> AIM OF THE EXERCISE:
For the word "shows", count the lines of the listing that contain it and give only the count.

> PROVIDED RECORDS:

lemma gchain_threshold:
  fixes pi :: "nat \<Rightarrow> nat" and n cj t i z :: nat
  defines "iss \<equiv> i # gchain n pi n cj t i"
  assumes i: "1 \<le> i" "i \<le> cj" and z: "cj \<le> z" "z \<le> n"
    and low: "\<And>r. 1 \<le> r \<Longrightarrow> r \<le> cj \<Longrightarrow> pi r \<le> t \<Longrightarrow> pi r \<le> pi i"
    and t: "pi i < t" and last: "pi (last iss) = t"
  obtains k where "k < length iss" "pi (iss ! k) = Max {x \<in> pi ` {1..z}. x \<le> t}"
    "\<And>x. x < length iss \<Longrightarrow> iss ! x \<le> z \<longleftrightarrow> x \<le> k"
proof -
  define m where "m = length iss - 1"
  define M where "M = Max {x \<in> pi ` {1..z}. x \<le> t}"
  have len: "length iss = Suc m" unfolding m_def iss_def by simp
  have "last iss = iss ! m" using len last_conv_nth[of iss] unfolding iss_def by simp
  then have vm: "pi (iss ! m) = t" using last by simp
  have vmono: "pi (iss ! x) < pi (iss ! y)" if "x < y" "y \<le> m" for x y
    using that len unfolding iss_def by (intro gchain_nth_mono) auto
  have pos: "1 \<le> iss ! x" if "x \<le> m" for x
    using gchain_nth_range[of x i n pi cj t] that len i unfolding iss_def by (cases x) auto
  have "M \<in> {x \<in> pi ` {1..z}. x \<le> t}" unfolding M_def
    using i z t by (intro Max_in) (auto intro!: bexI[of _ i])
  then obtain pM where pM: "pM \<in> {1..z}" "pi pM = M" "M \<le> t" by auto
  have M_ge: "\<And>y. y \<in> pi ` {1..z} \<Longrightarrow> y \<le> t \<Longrightarrow> y \<le> M" unfolding M_def by simp
  have advance: "iss ! Suc x \<le> z" if x: "x < m" "pi (iss ! x) < M" for x
  proof -
    have "pi i \<le> pi (iss ! x)" using vmono[of 0 x] x unfolding iss_def by (cases x) auto
    then have "cj < pM" using low[of pM] pM x by fastforce
    then have "iss ! Suc x \<le> pM" using x pM len z unfolding iss_def by (intro gchain_nth_least) auto
    then show ?thesis using pM by simp
  qed
  have bound: "pi (iss ! x) \<le> M" if x: "x \<le> m" "iss ! x \<le> z" for x
  proof -
    have "pi (iss ! x) \<le> t" using vmono[of x m] vm x by (cases "x = m") auto
    moreover have "pi (iss ! x) \<in> pi ` {1..z}" using pos[OF x(1)] x(2) by auto
    ultimately show ?thesis by (rule M_ge[rotated])
  qed
  obtain k where k: "k \<le> m" "pi (iss ! k) = M" "\<And>x. x \<le> m \<Longrightarrow> iss ! x \<le> z \<longleftrightarrow> x \<le> k"
  proof (rule prefix_below_threshold[of m "\<lambda>x. pi (iss ! x)" "(!) iss" z M])
    show "iss ! 0 \<le> z" "pi (iss ! 0) \<le> M" using i z t M_ge unfolding iss_def by auto
  qed (use vmono vm pM advance bound in auto)
  show ?thesis
  proof (rule that[of k])
    show "k < length iss" using k(1) len by simp
    show "pi (iss ! k) = Max {x \<in> pi ` {1..z}. x \<le> t}" using k(2) unfolding M_def .
    show "\<And>x. x < length iss \<Longrightarrow> iss ! x \<le> z \<longleftrightarrow> x \<le> k" using k(3) len by simp
  qed
qed

lemma gchain_bump:
  fixes pi :: "nat \<Rightarrow> nat"
  assumes bij: "bij_betw pi {1..n} {1..n}"
    and i: "1 \<le> i" "i \<le> cj" and z: "cj \<le> z" "z \<le> n"
    and low: "\<And>r. 1 \<le> r \<Longrightarrow> r \<le> cj \<Longrightarrow> pi r \<le> t \<Longrightarrow> pi r \<le> pi i"
    and t: "pi i < t" "t \<le> n"
    and ks: "ks = gchain n pi n cj t i"
    and rho: "rho = (foldl (\<lambda>rho (a,b). rho(b := pi a)) pi (zip (i # ks) ks))(i := pi (last (i # ks)))"
  shows "rho ` {1..z} = bump (pi ` {1..z}) t"
    and "\<And>r. r \<noteq> i \<Longrightarrow> r \<le> cj \<Longrightarrow> rho r = pi r"
    and "rho i = t"
proof -
  let ?iss = "i # ks"
  have "t \<in> pi ` {1..n}" using bij_betw_imp_surj_on[OF bij] t by auto
  then obtain k0 where k0: "k0 \<in> {1..n}" "pi k0 = t" by auto
  have "cj < k0" using low[of k0] k0 t by (cases "cj < k0") auto
  then have last: "pi (last ?iss) = t" unfolding ks using gchain_last[of pi i t n cj k0] k0 t by simp
  obtain k where k: "k < length ?iss" "pi (?iss ! k) = Max {x \<in> pi ` {1..z}. x \<le> t}"
    "\<And>x. x < length ?iss \<Longrightarrow> ?iss ! x \<le> z \<longleftrightarrow> x \<le> k"
    using gchain_threshold[where pi = pi and i = i and t = t, OF i z low t(1)] last
    unfolding ks by blast
  have distinct: "distinct ?iss" unfolding ks by (rule gchain_distinct)
  have range: "?iss ! x \<in> {1..n}" if "x < length ?iss" for x
    using gchain_nth_range[of x i n pi cj t] that i z unfolding ks by (cases x) auto
  have set_iss: "set ?iss = (!) ?iss ` {..length ks}"
  proof -
    have "(!) ?iss ` {0..<length ?iss} = set (take (length ?iss) ?iss)" by (rule nth_image) simp
    then show ?thesis by (simp add: atLeast0LessThan lessThan_Suc_atMost)
  qed
  note rotation = chain_rotation[OF distinct rho]
  have "rho ` {1..z} = pi ` {1..z} - {pi (?iss ! k)} \<union> {t}"
  proof (rule image_rotate_prefix[where p = "(!) ?iss" and m = "length ks" and k = k,
        OF bij_betw_imp_inj_on[OF bij]])
    show "inj_on ((!) ?iss) {..length ks}" using distinct by (intro inj_on_nth) auto
    show "\<And>x. x \<le> length ks \<Longrightarrow> ?iss ! x \<in> {1..z} \<longleftrightarrow> x \<le> k" using k(3) range by fastforce
    show "rho (?iss ! 0) = t" using rotation(1) last by simp
    show "\<And>x. x < length ks \<Longrightarrow> rho (?iss ! Suc x) = pi (?iss ! x)" using rotation(2) by simp
    show "\<And>r. r \<in> {1..n} - (!) ?iss ` {..length ks} \<Longrightarrow> rho r = pi r"
      using rotation(3) unfolding set_iss by blast
  qed (use z range k(1) in auto)
  then show "rho ` {1..z} = bump (pi ` {1..z}) t" using k(2) unfolding bump_def by simp
  show "\<And>r. r \<noteq> i \<Longrightarrow> r \<le> cj \<Longrightarrow> rho r = pi r"
    using rotation(3) gchain_subset[of n pi n cj t i] ks by fastforce
  show "rho i = t" using rotation(1) last by simp
qed
lemma transpose_incidence_mult_cycle_matrix: "transpose_mat A * Nm = 0\<^sub>m N C"
proof (rule eq_matI)
  fix k j assume "k < dim_row (0\<^sub>m N C :: real mat)" "j < dim_col (0\<^sub>m N C :: real mat)"
  then have k: "k < N" and j: "j < C" by auto
  obtain vs es where cyc: "is_cycle E src tgt vs es"
    and col: "col Nm j = cycle_indicator E src tgt vs es"
    using cycle_matrix j unfolding cycle_matrix_def by blast
  have "(transpose_mat A * Nm) $$ (k, j) = (transpose_mat A *\<^sub>v col Nm j) $ k"
    using k j by simp
  also have "\<dots> = 0"
    unfolding col transpose_incidence_mult_cycle_indicator[OF graph_ok cyc] using k by simp
  finally show "(transpose_mat A * Nm) $$ (k, j) = 0\<^sub>m N C $$ (k, j)" using k j by simp
qed auto

lemma transpose_cycle_matrix_mult_incidence: "transpose_mat Nm * A = 0\<^sub>m C N"
proof -
  have "transpose_mat (transpose_mat A * Nm) = transpose_mat Nm * A"
    using transpose_mult[OF _ cycle_matrix_carrier, of "transpose_mat A" N] by simp
  then show ?thesis by (simp add: transpose_incidence_mult_cycle_matrix)
qed

lemma mat_kernel_cycle_matrix: "mat_kernel Nm = {0\<^sub>v C}"
  unfolding mat_kernel_eq_zero_iff[OF cycle_matrix_carrier]
proof (intro ballI impI)
  fix c :: "real vec" assume c: "c \<in> carrier_vec C" and Nc: "Nm *\<^sub>v c = 0\<^sub>v E"
  have "(\<Sum>j<C. c $ j * Nm $$ (e, j)) = 0" if "e < E" for e
  proof -
    have "(\<Sum>j<C. c $ j * Nm $$ (e, j)) = (Nm *\<^sub>v c) $ e"
      using c that by (simp add: scalar_prod_def lessThan_atLeast0 mult.commute)
    then show ?thesis using Nc that by simp
  qed
  then have "\<forall>j<C. c $ j = 0"
    using cycle_matrix unfolding cycle_matrix_def by blast
  then show "c = 0\<^sub>v C" using c by (intro eq_vecI) auto
qed

lemma transpose_incidence_mult_cycle_vec:
  assumes c: "c \<in> carrier_vec C"
  shows "transpose_mat A *\<^sub>v (Nm *\<^sub>v c) = 0\<^sub>v N"
  using assoc_mult_mat_vec[of "transpose_mat A" N E Nm C c] c cycle_matrix_carrier
  by (simp add: transpose_incidence_mult_cycle_matrix)

lemma transpose_cycle_matrix_mult_incidence_vec:
  assumes \<theta>: "\<theta> \<in> carrier_vec N"
  shows "transpose_mat Nm *\<^sub>v (A *\<^sub>v \<theta>) = 0\<^sub>v C"
  using assoc_mult_mat_vec[of "transpose_mat Nm" C E A N \<theta>] \<theta> cycle_matrix_carrier
  by (simp add: transpose_cycle_matrix_mult_incidence)
(* Consider the following block-Markov scheme over $k$ blocks of length $N$. Setting: $q_{Z|XY}$ is a channel with inputs $X,Y\in\{0,1\}$ and finite output alphabet $\mathcal Z$; $U,V,X$ are independent binary random variables with distributions $q_U,q_V,q_X$, $Y=\max(U,V)$, $Z$ is the output of $q_{Z|XY}$ on $(X,Y)$, giving a joint distribution $q_{UVXYZ}$, and $q_{U^{1:N}V^{1:N}X^{1:N}Y^{1:N}Z^{1:N}}=\prod_{i=1}^Nq_{UVXYZ}$. Fix $\xi>0$, $\delta_{\mathcal A}(N)=\log(11)\sqrt{\tfrac2N(3+\log N)}$, $\epsilon_1=2(\delta_{\mathcal A}(N)+\xi)$, $r_X=N(H(X|UZ)-\epsilon_1/2)$, $r_U=N(H(U|Z)-\epsilon_1/2)$, $r_V=N(H(V|UZX)-\epsilon_1/2)$. Hash functions $G_X,G_U,G_V$ from $\{0,1\}^N$ to $\{0,1\}^{r_X},\{0,1\}^{r_U},\{0,1\}^{r_V}$ are chosen independently and uniformly at random from two-universal families. Encoders $e^X_N,e^U_N,e^V_N$ map $N(H(X)+\epsilon_1/2)$, $N(H(U)+\epsilon_1/2)$, $N(H(V)+\epsilon_1/2)$ bits, respectively, into $\{0,1\}^N$, and when fed with uniformly distributed inputs their outputs have distributions within variational distance $\delta(N)$ of $q_{X^{1:N}},q_{U^{1:N}},q_{V^{1:N}}$, respectively. Block 1: $\widetilde X_1^{1:N}=e^X_N(E_1)$, $\widetilde U_1^{1:N}=e^U_N(D_1)$, $\widetilde V_1^{1:N}=e^V_N(F_1)$ with $E_1,D_1,F_1$ uniform inputs. Block $i\in\llbracket2,k\rrbracket$: $\widetilde E_i=G_X(\widetilde X_{i-1}^{1:N})$, $\widetilde D_i=G_U(\widetilde U_{i-1}^{1:N})$, $\widetilde F_i=G_V(\widetilde V_{i-1}^{1:N})$, and $\widetilde X_i^{1:N}=e^X_N(\widetilde E_i\|E_i)$, $\widetilde U_i^{1:N}=e^U_N(\widetilde D_i\|D_i)$, $\widetilde V_i^{1:N}=e^V_N(\widetilde F_i\|F_i)$, where $\|$ is concatenation and $E_i,D_i,F_i$ are uniform bit strings of lengths $N(I(X;UZ)+\epsilon_1)$, $N(I(U;Z)+\epsilon_1)$, $N(I(V;UZX)+\epsilon_1)$. In each block $\widetilde Y_i^{1:N}=\max(\widetilde U_i^{1:N},\widetilde V_i^{1:N})$ componentwise, and $\widetilde Z_i^{1:N}$ is the output of the memoryless channel $q_{Z|XY}$ on $(\widetilde X_i^{1:N},\widetilde Y_i^{1:N})$. All fresh randomness $(E_i,D_i,F_i)_i$, the channel noise in different blocks and the hash choice are mutually independent, and $\widetilde p$ denotes distributions induced by this scheme (including the random choice of hash functions). Let $\delta^{(0)}(N)=2/N+\sqrt7\cdot2^{-N\xi/2}$. Then for every block $i\in\llbracket1,k\rrbracket$, $$\mathbb V\big(\widetilde p_{U_i^{1:N}V_i^{1:N}X_i^{1:N}Y_i^{1:N}Z_i^{1:N}},\,q_{U^{1:N}V^{1:N}X^{1:N}Y^{1:N}Z^{1:N}}\big)\le\delta_i(N),$$ where $\delta_i(N)=\tfrac32(\delta(N)+\delta^{(0)}(N))(3^i-1)+3^{i+1}\delta(N)$.
   Context: $\mathbb V(p,q)=\sum_x|p(x)-q(x)|$, $\log$ base 2; lengths such as $r_X$ and numbers of bits are assumed to be integers. Two-universal hash families are in the sense of Carter–Wegman. *)

theory Defs
  imports "HOL-Probability.Probability"
begin

definition ent :: "'a pmf \<Rightarrow> real" where
  "ent p = - (\<Sum>x\<in>set_pmf p. pmf p x * log 2 (pmf p x))"

definition vdist :: "'a pmf \<Rightarrow> 'a pmf \<Rightarrow> real" where
  "vdist p q = (\<Sum>\<^sub>\<infinity>x. \<bar>pmf p x - pmf q x\<bar>)"

fun list_pmf :: "'a pmf list \<Rightarrow> 'a list pmf" where
  "list_pmf [] = return_pmf []"
| "list_pmf (p # ps) = do { x \<leftarrow> p; xs \<leftarrow> list_pmf ps; return_pmf (x # xs) }"

definition iid :: "nat \<Rightarrow> 'a pmf \<Rightarrow> 'a list pmf" where
  "iid n p = list_pmf (replicate n p)"

definition unif_bits :: "nat \<Rightarrow> bool list pmf" where
  "unif_bits n = pmf_of_set {s. length s = n}"

definition channel :: "(bool \<Rightarrow> bool \<Rightarrow> 'z pmf) \<Rightarrow> bool list \<Rightarrow> bool list \<Rightarrow> 'z list pmf" where
  "channel W xs ys = list_pmf (map (\<lambda>(a, b). W a b) (zip xs ys))"

definition two_universal :: "nat \<Rightarrow> nat \<Rightarrow> (bool list \<Rightarrow> bool list) set \<Rightarrow> bool" where
  "two_universal n r H \<longleftrightarrow> finite H \<and> H \<noteq> {} \<and>
     (\<forall>h\<in>H. \<forall>x. length x = n \<longrightarrow> length (h x) = r) \<and>
     (\<forall>x x'. length x = n \<and> length x' = n \<and> x \<noteq> x' \<longrightarrow>
        real (card {h\<in>H. h x = h x'}) \<le> real (card H) / 2 ^ r)"

text \<open>Bits are booleans (True = 1), so max on bits is disjunction.
  A single-letter sample is the tuple (U, V, X, Y, Z).\<close>
definition q1 :: "(bool \<Rightarrow> bool \<Rightarrow> 'z pmf) \<Rightarrow> bool pmf \<Rightarrow> bool pmf \<Rightarrow> bool pmf
    \<Rightarrow> (bool \<times> bool \<times> bool \<times> bool \<times> 'z) pmf" where
  "q1 W qU qV qX = do { u \<leftarrow> qU; v \<leftarrow> qV; x \<leftarrow> qX; z \<leftarrow> W x (u \<or> v);
                        return_pmf (u, v, x, u \<or> v, z) }"

type_synonym 'z block = "bool list \<times> bool list \<times> bool list \<times> bool list \<times> 'z list"

definition qN :: "nat \<Rightarrow> (bool \<times> bool \<times> bool \<times> bool \<times> 'z) pmf \<Rightarrow> 'z block pmf" where
  "qN n q = map_pmf (\<lambda>l. (map (\<lambda>(u,v,x,y,z). u) l, map (\<lambda>(u,v,x,y,z). v) l,
                          map (\<lambda>(u,v,x,y,z). x) l, map (\<lambda>(u,v,x,y,z). y) l,
                          map (\<lambda>(u,v,x,y,z). z) l)) (iid n q)"

type_synonym hashes = "(bool list \<Rightarrow> bool list) \<times> (bool list \<Rightarrow> bool list) \<times> (bool list \<Rightarrow> bool list)"

definition finish_block :: "(bool \<Rightarrow> bool \<Rightarrow> 'z pmf) \<Rightarrow> bool list \<Rightarrow> bool list \<Rightarrow> bool list
    \<Rightarrow> 'z block pmf" where
  "finish_block W x u v = (let y = map2 (\<or>) u v in
     do { z \<leftarrow> channel W x y; return_pmf (u, v, x, y, z) })"

definition first_block :: "(bool \<Rightarrow> bool \<Rightarrow> 'z pmf) \<Rightarrow>
    (bool list \<Rightarrow> bool list) \<Rightarrow> (bool list \<Rightarrow> bool list) \<Rightarrow> (bool list \<Rightarrow> bool list) \<Rightarrow>
    nat \<Rightarrow> nat \<Rightarrow> nat \<Rightarrow> 'z block pmf" where
  "first_block W eX eU eV lX lU lV =
     do { e \<leftarrow> unif_bits lX; d \<leftarrow> unif_bits lU; f \<leftarrow> unif_bits lV;
          finish_block W (eX e) (eU d) (eV f) }"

> RESPONSE TO THE TASK:
3